You are right...I get this...I guess this is why this affair crap is such a vicious circle...it is like I am still angry toward him over the EA's that I want to punish him. I realize that is wrong and like someone said if you choose to stay you have to let it go and move forward which is not easy.

I think too that I have always been the type of person that does not like to show my feelings unless it is anger..the counsellor last year picked up on that and said to me you are more comfortable with showing anger than love and affection and that is probably true.
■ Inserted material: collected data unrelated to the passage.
(* For all positive integers $m,n$, the diameter of the cyclic simplicial rook graph satisfies $\operatorname{diam}(\mathcal{CSR}(m,n))=m-\left\lfloor \frac{m-1}{n}\right\rfloor-1$.
   Context: For positive integers $m,n$, the cyclic simplicial rook graph $\mathcal{CSR}(m,n)$ is the graph whose vertices are the vectors $(a_1,\dots,a_m)\in\mathbb{Z}_n^m$ with $a_1+\cdots+a_m\equiv 0 \pmod n$, two vertices being adjacent if and only if their vectors differ in exactly two coordinates. *)

theory Defs
  imports Main "HOL-Library.Extended_Nat"
begin

text \<open>Vertices of CSR(m,n): vectors (a_1,...,a_m) in Z_n^m (entries represented by
  residues 0..n-1, as lists of length m) whose coordinate sum is 0 mod n.\<close>
definition csr_vertices :: "nat \<Rightarrow> nat \<Rightarrow> nat list set" where
  "csr_vertices m n = {xs. length xs = m \<and> (\<forall>x\<in>set xs. x < n) \<and> sum_list xs mod n = 0}"

definition csr_adj :: "nat \<Rightarrow> nat \<Rightarrow> nat list \<Rightarrow> nat list \<Rightarrow> bool" where
  "csr_adj m n xs ys \<longleftrightarrow> xs \<in> csr_vertices m n \<and> ys \<in> csr_vertices m n \<and>
     card {i. i < m \<and> xs ! i \<noteq> ys ! i} = 2"

definition graph_dist :: "('a \<Rightarrow> 'a \<Rightarrow> bool) \<Rightarrow> 'a \<Rightarrow> 'a \<Rightarrow> enat" where
  "graph_dist E u v = (INF k \<in> {k. (E ^^ k) u v}. enat k)"

definition graph_diam :: "'a set \<Rightarrow> ('a \<Rightarrow> 'a \<Rightarrow> bool) \<Rightarrow> enat" where
  "graph_diam V E = (SUP u \<in> V. SUP v \<in> V. graph_dist E u v)"

end

theory Submission
  imports Defs "HOL-Number_Theory.Cong"
begin

(* Let s be the number of coordinates in which two vertices u and v differ.
   Upper bound: distinct vertices differ in at least two coordinates, and one move can copy a
   coordinate of v into u while repairing the sum at another differing coordinate, so s - 1 moves
   suffice.  Better, among any n differing coordinates the prefix-sum pigeonhole argument yields a
   nonempty block of at most n coordinates on which u and v have equal sums mod n; such a block of
   size b is fixed in b - 1 moves without touching the rest.  Peeling off blocks gives distance at
   most s - ceil(s/n) <= m - ceil(m/n).
   Lower bound: along a walk of length k from the zero vertex one maintains a set T of coordinates
   containing the support, coloured so that every colour class sums to 0 mod n, with
   |T| - #colours <= k: a move changes two coordinates, and merging all classes they meet raises
   |T| - #colours by at most one.  For x = (1, ..., 1, -(m - 1)) every class avoiding the last
   coordinate has size a positive multiple of n, which forces k >= m - 1 - floor((m - 1)/n). *)

lemma graph_dist_le_if_walk: "(E ^^ k) u v \<Longrightarrow> graph_dist E u v \<le> enat k"
  by (auto simp: graph_dist_def intro: INF_lower)
(* Let $S,T$ be sets of vectors in $\mathbb{R}^d$ with $|S|=|T|=r$, $|S\triangle T|\leq 2d$, and $V_SV_S^\top$ invertible, and let $X=T\setminus S$, $Y=S\setminus T$. Then \[\det(V_TV_T^\top)\geq\det(V_SV_S^\top)\cdot\det\big(V_X^\top(V_SV_S^\top)^{-1}V_Y\big)^2.\]
   Context: For a set $Z$ of vectors in $\mathbb{R}^d$, $V_Z$ denotes the $d\times|Z|$ matrix whose columns are the vectors of $Z$. *)

theory Defs
  imports "Jordan_Normal_Form.Determinant"
begin

definition enum_set :: "'a set \<Rightarrow> 'a list" where
  "enum_set A = (SOME xs. distinct xs \<and> set xs = A)"

definition vmat :: "nat \<Rightarrow> real vec set \<Rightarrow> real mat" where
  "vmat d Z = mat_of_cols d (enum_set Z)"

text \<open>Inverse of a square matrix (meaningful when it is invertible).\<close>
definition mat_inv :: "real mat \<Rightarrow> real mat" where
  "mat_inv A = (SOME B. B \<in> carrier_mat (dim_row A) (dim_row A) \<and>
                        A * B = 1\<^sub>m (dim_row A) \<and> B * A = 1\<^sub>m (dim_row A))"

end

(*
  Let G be the Gram matrix of S \<inter> T, U = V_X, Y = V_Y (both d x k) and A = V_S V_S^T = G + Y Y^T,
  so that V_T V_T^T = G + U U^T = A + U U^T - Y Y^T is a rank-2k update of A.  The matrix
  determinant lemma (via Sylvester's identity det (1 + X Y) = det (1 + Y X)) gives
  det (V_T V_T^T) = det A * det M with M = [[1 + P, Q], [-Q^T, H]], where P = U^T A^-1 U,
  Q = U^T A^-1 Y and H = 1 - Y^T A^-1 Y.  Both P and H are positive semidefinite, H because
  Y^T (G + Y Y^T)^-1 Y is dominated by the identity.  The Schur complement of 1 + P gives
  det M = det (1 + P) * det (H + Q^T (1 + P)^-1 Q), and monotonicity of the determinant on
  positive semidefinite matrices, det N <= det (M + N), bounds this from below by
  det (1 + P) * det (Q^T (1 + P)^-1 Q) = (det Q)^2.  Monotonicity itself is proved by induction
  on the dimension, after a symmetric elimination step that clears the first row and column.
*)
theory Submission
  imports Defs
begin

section \<open>Block matrices and determinant identities\<close>

lemma append_rows_dim [simp]:
  "dim_row (A @\<^sub>r B) = dim_row A + dim_row B" "dim_col (A @\<^sub>r B) = dim_col A"
  unfolding append_rows_def by simp_all

lemma index_append_rows:
  assumes "A \<in> carrier_mat n1 k" "B \<in> carrier_mat n2 k" "i < n1 + n2" "j < k"
  shows "(A @\<^sub>r B) $$ (i,j) = (if i < n1 then A $$ (i,j) else B $$ (i - n1, j))"
  using assms by (simp add: append_rows_def)

lemma row_append_rows:
  assumes "A \<in> carrier_mat n1 k" "B \<in> carrier_mat n2 k" "i < n1 + n2"
  shows "row (A @\<^sub>r B) i = (if i < n1 then row A i else row B (i - n1))"
  using assms by (intro eq_vecI) (auto simp: append_rows_def)

lemma col_append_rows:
  assumes "A \<in> carrier_mat n1 k" "B \<in> carrier_mat n2 k" "j < k"
  shows "col (A @\<^sub>r B) j = col A j @\<^sub>v col B j"
  using assms by (intro eq_vecI) (auto simp: append_rows_def)

lemma append_rows_mult:
  assumes A: "A \<in> carrier_mat n1 k" and B: "B \<in> carrier_mat n2 k" and C: "C \<in> carrier_mat k m"
  shows "(A @\<^sub>r B) * C = (A * C) @\<^sub>r (B * C)"
  using A B C
  by (intro eq_matI) (auto simp: row_append_rows[OF A B] index_append_rows[of "A * C" n1 m "B * C" n2])

lemma append_rows_mult_transpose:
  assumes A: "A \<in> carrier_mat n1 k" and B: "B \<in> carrier_mat n2 k"
    and C: "C \<in> carrier_mat p1 k" and D: "D \<in> carrier_mat p2 k"
  shows "(A @\<^sub>r B) * (C @\<^sub>r D)\<^sup>T = four_block_mat (A * C\<^sup>T) (A * D\<^sup>T) (B * C\<^sup>T) (B * D\<^sup>T)"
  using A B C D
  by (intro eq_matI) (auto simp: row_append_rows[OF A B] row_append_rows[OF C D])

lemma transpose_append_rows_mult:
  assumes A: "A \<in> carrier_mat p1 n" and B: "B \<in> carrier_mat p2 n"
    and C: "C \<in> carrier_mat p1 m" and D: "D \<in> carrier_mat p2 m"
  shows "(A @\<^sub>r B)\<^sup>T * (C @\<^sub>r D) = A\<^sup>T * C + B\<^sup>T * D"
  using A B C D
  by (intro eq_matI)
     (auto simp: col_append_rows[OF A B] col_append_rows[OF C D] scalar_prod_append[of _ p1 _ p2])

lemma det_one_add_mult_commute:
  fixes X Y :: "'a :: idom mat"
  assumes X: "X \<in> carrier_mat n m" and Y: "Y \<in> carrier_mat m n"
  shows "det (1\<^sub>m n + X * Y) = det (1\<^sub>m m + Y * X)"
proof -
  have XY: "X * Y \<in> carrier_mat n n" and YX: "Y * X \<in> carrier_mat m m" using X Y by auto
  \<comment> \<open>both sides are det ?K, factoring ?K as lower times upper block triangular in two ways\<close>
  let ?K = "four_block_mat (1\<^sub>m n) (-X) Y (1\<^sub>m m)"
  let ?L = "four_block_mat (1\<^sub>m n) (0\<^sub>m n m) Y (1\<^sub>m m)"
  have L: "?L \<in> carrier_mat (n + m) (n + m)" by simp
  have det_L: "det ?L = 1"
    using det_four_block_mat_upper_right_zero[of "1\<^sub>m n" n "0\<^sub>m n m" m Y "1\<^sub>m m"] Y by simp
  have "four_block_mat (1\<^sub>m n + X * Y) (-X) (0\<^sub>m m n) (1\<^sub>m m) * ?L = ?K"
    using X Y XY by (subst mult_four_block_mat[of _ n n _ m _ m]) (auto intro!: cong_four_block_mat eq_matI)
  moreover have "det (four_block_mat (1\<^sub>m n + X * Y) (-X) (0\<^sub>m m n) (1\<^sub>m m)) = det (1\<^sub>m n + X * Y)"
    using det_four_block_mat_lower_left_zero[of "1\<^sub>m n + X * Y" n "-X" m "0\<^sub>m m n" "1\<^sub>m m"] X XY by simp
  ultimately have "det ?K = det (1\<^sub>m n + X * Y)"
    using det_mult[OF _ L, of "four_block_mat (1\<^sub>m n + X * Y) (-X) (0\<^sub>m m n) (1\<^sub>m m)"] det_L X XY by simp
  moreover have "?L * four_block_mat (1\<^sub>m n) (-X) (0\<^sub>m m n) (1\<^sub>m m + Y * X) = ?K"
    using X Y YX by (subst mult_four_block_mat[of _ n n _ m _ m]) (auto intro!: cong_four_block_mat eq_matI)
  moreover have "det (four_block_mat (1\<^sub>m n) (-X) (0\<^sub>m m n) (1\<^sub>m m + Y * X)) = det (1\<^sub>m m + Y * X)"
    using det_four_block_mat_lower_left_zero[of "1\<^sub>m n" n "-X" m "0\<^sub>m m n" "1\<^sub>m m + Y * X"] X YX by simp
  ultimately show ?thesis
    using det_mult[OF L, of "four_block_mat (1\<^sub>m n) (-X) (0\<^sub>m m n) (1\<^sub>m m + Y * X)"] det_L X YX by simp
qed

lemma det_four_block_mat_schur:
  fixes A :: "'a :: field mat"
  assumes A: "A \<in> carrier_mat n n" and B: "B \<in> carrier_mat n m"
    and C: "C \<in> carrier_mat m n" and D: "D \<in> carrier_mat m m"
    and Ai: "Ai \<in> carrier_mat n n" and inv: "A * Ai = 1\<^sub>m n"
  shows "det (four_block_mat A B C D) = det A * det (D - C * Ai * B)"
proof -
  let ?S = "D - C * Ai * B"
  let ?L = "four_block_mat A (0\<^sub>m n m) C (1\<^sub>m m)"
  let ?R = "four_block_mat (1\<^sub>m n) (Ai * B) (0\<^sub>m m n) ?S"
  have S: "?S \<in> carrier_mat m m" using C Ai B D by auto
  have AiB: "Ai * B \<in> carrier_mat n m" using Ai B by auto
  have "A * (Ai * B) = (A * Ai) * B" by (rule assoc_mult_mat[symmetric, OF A Ai B])
  then have AAiB: "A * (Ai * B) = B" using inv B by simp
  have "C * (Ai * B) = C * Ai * B" by (rule assoc_mult_mat[symmetric, OF C Ai B])
  then have CAiB: "C * (Ai * B) + ?S = D" using C Ai B D by (auto intro!: eq_matI)
  have "?L * ?R = four_block_mat (A * 1\<^sub>m n + 0\<^sub>m n m * 0\<^sub>m m n) (A * (Ai * B) + 0\<^sub>m n m * ?S)
      (C * 1\<^sub>m n + 1\<^sub>m m * 0\<^sub>m m n) (C * (Ai * B) + 1\<^sub>m m * ?S)"
    by (rule mult_four_block_mat[OF A zero_carrier_mat C one_carrier_mat one_carrier_mat AiB zero_carrier_mat S])
  also have "\<dots> = four_block_mat A B C D"
    using A B C S AAiB CAiB by (intro cong_four_block_mat) simp_all
  finally have LR: "?L * ?R = four_block_mat A B C D" .
  have "det ?L = det A"
    using det_four_block_mat_upper_right_zero[OF A _ C one_carrier_mat] by simp
  moreover have "det ?R = det ?S"
    using det_four_block_mat_lower_left_zero[OF one_carrier_mat AiB _ S] by simp
  moreover have "det (?L * ?R) = det ?L * det ?R"
    by (rule det_mult[of _ "n + m"]) (use A C S AiB in auto)
  ultimately show ?thesis unfolding LR by simp
qed

lemma det_add_mult:
  fixes A :: "'a :: field mat"
  assumes A: "A \<in> carrier_mat n n" and Ai: "Ai \<in> carrier_mat n n" and inv: "A * Ai = 1\<^sub>m n"
    and U: "U \<in> carrier_mat n m" and V: "V \<in> carrier_mat m n"
  shows "det (A + U * V) = det A * det (1\<^sub>m m + V * Ai * U)"
proof -
  have AiU: "Ai * U \<in> carrier_mat n m" and AiUV: "Ai * U * V \<in> carrier_mat n n"
    using Ai U V by auto
  have "A * (Ai * U * V) = (A * Ai) * (U * V)"
    using A Ai U V by (simp add: assoc_mult_mat[of _ n n _ n _ n] assoc_mult_mat[of _ n n _ m _ n])
  then have "A * (1\<^sub>m n + Ai * U * V) = A + U * V"
    using A U V AiUV inv by (simp add: mult_add_distrib_mat[OF A one_carrier_mat AiUV])
  then have "det (A + U * V) = det A * det (1\<^sub>m n + Ai * U * V)"
    using det_mult[OF A add_carrier_mat[OF AiUV, of "1\<^sub>m n"]] by simp
  also have "det (1\<^sub>m n + Ai * U * V) = det (1\<^sub>m m + V * (Ai * U))"
    by (rule det_one_add_mult_commute[OF AiU V])
  also have "V * (Ai * U) = V * Ai * U"
    by (rule assoc_mult_mat[symmetric, OF V Ai U])
  finally show ?thesis .
qed

lemma det_nonzero_right_inverse:
  fixes D :: "'a :: field mat"
  assumes D: "D \<in> carrier_mat n n" and d: "det D \<noteq> 0"
  obtains Di where "Di \<in> carrier_mat n n" and "D * Di = 1\<^sub>m n"
proof
  show "(1 / det D) \<cdot>\<^sub>m adj_mat D \<in> carrier_mat n n" using adj_mat(1)[OF D] by simp
  have "D * ((1 / det D) \<cdot>\<^sub>m adj_mat D) = (1 / det D) \<cdot>\<^sub>m (det D \<cdot>\<^sub>m 1\<^sub>m n)"
    using mult_smult_distrib[OF D adj_mat(1)[OF D]] adj_mat(2)[OF D] by simp
  also have "\<dots> = 1\<^sub>m n" using d by (intro eq_matI) auto
  finally show "D * ((1 / det D) \<cdot>\<^sub>m adj_mat D) = 1\<^sub>m n" .
qed

lemma inverse_of_sym_mat_sym:
  fixes A :: "'a :: comm_ring_1 mat"
  assumes A: "A \<in> carrier_mat n n" and sym: "A\<^sup>T = A" and B: "B \<in> carrier_mat n n"
    and inv: "A * B = 1\<^sub>m n"
  shows "B\<^sup>T = B"
proof -
  have BtA: "B\<^sup>T * A = 1\<^sub>m n" using transpose_mult[OF A B] sym inv by simp
  have "B\<^sup>T = B\<^sup>T * (A * B)" using inv B by simp
  also have "\<dots> = (B\<^sup>T * A) * B" using A B by (simp add: assoc_mult_mat[of _ n n _ n _ n])
  finally show ?thesis using BtA B by simp
qed

lemma det_empty_mat: "M \<in> carrier_mat 0 0 \<Longrightarrow> det M = 1"
  by (metis det_one one_carrier_mat carrier_matD eq_matI less_nat_zero_code)

lemma det_row0_off_diag_zero:
  fixes A :: "'a :: comm_ring_1 mat"
  assumes A: "A \<in> carrier_mat (Suc m) (Suc m)"
    and z: "\<And>j. 0 < j \<Longrightarrow> j < Suc m \<Longrightarrow> A $$ (0,j) = 0"
  shows "det A = A $$ (0,0) * det (mat_delete A 0 0)"
proof -
  have "det A = (\<Sum>j<Suc m. A $$ (0,j) * cofactor A 0 j)"
    by (rule laplace_expansion_row[OF A]) simp
  also have "\<dots> = A $$ (0,0) * cofactor A 0 0"
    unfolding sum.lessThan_Suc_shift using z by simp
  finally show ?thesis by (simp add: cofactor_def)
qed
Who knows why:scratchhead:...my dad cheated on my mom and I remember my mom trying to get his affections and seeing her being rebuffed so maybe that stuck with me that why put yourself out like that because then it might not get reciprocated.


----------



## livinfree (Sep 7, 2012)

Hope1964 said:


> I am no dr but I find it highly suspicious that he still feels the effects of medication two years after the fact.............


Possible with SSRI's , my doc gave me Lexapro after my DDay and when I read about the side affects I threw the **** away and yes it can linger for a while and sometimes permanent.

Selective serotonin reuptake inhibitor - Wikipedia, the free encyclopedia


----------



## Dad&Hubby (Aug 14, 2012)

highwood said:


> You are right...I get this...I guess this is why this affair crap is such a vicious circle...it is like I am still angry toward him over the EA's that I want to punish him. I realize that is wrong and like someone said if you choose to stay you have to let it go and move forward which is not easy.
> 
> I think too that I have always been the type of person that does not like to show my feelings unless it is anger..the counsellor last year picked up on that and said to me you are more comfortable with showing anger than love and affection and that is probably true. Who knows why:scratchhead:...my dad cheated on my mom and I remember my mom trying to get his affections and seeing her being rebuffed so maybe that stuck with me that why put yourself out like that because then it might not get reciprocated.


Highwood,

I'm not a big fan of any spouse talking negatively about their spouse to someone else. It just leads to bad impressions. Negativity should be kept between spouses and worked through. So yes, I think your H crossed the line, he could've easily said, "It was business as usual" which is him "complaining" but not exactly throwing you under the bus.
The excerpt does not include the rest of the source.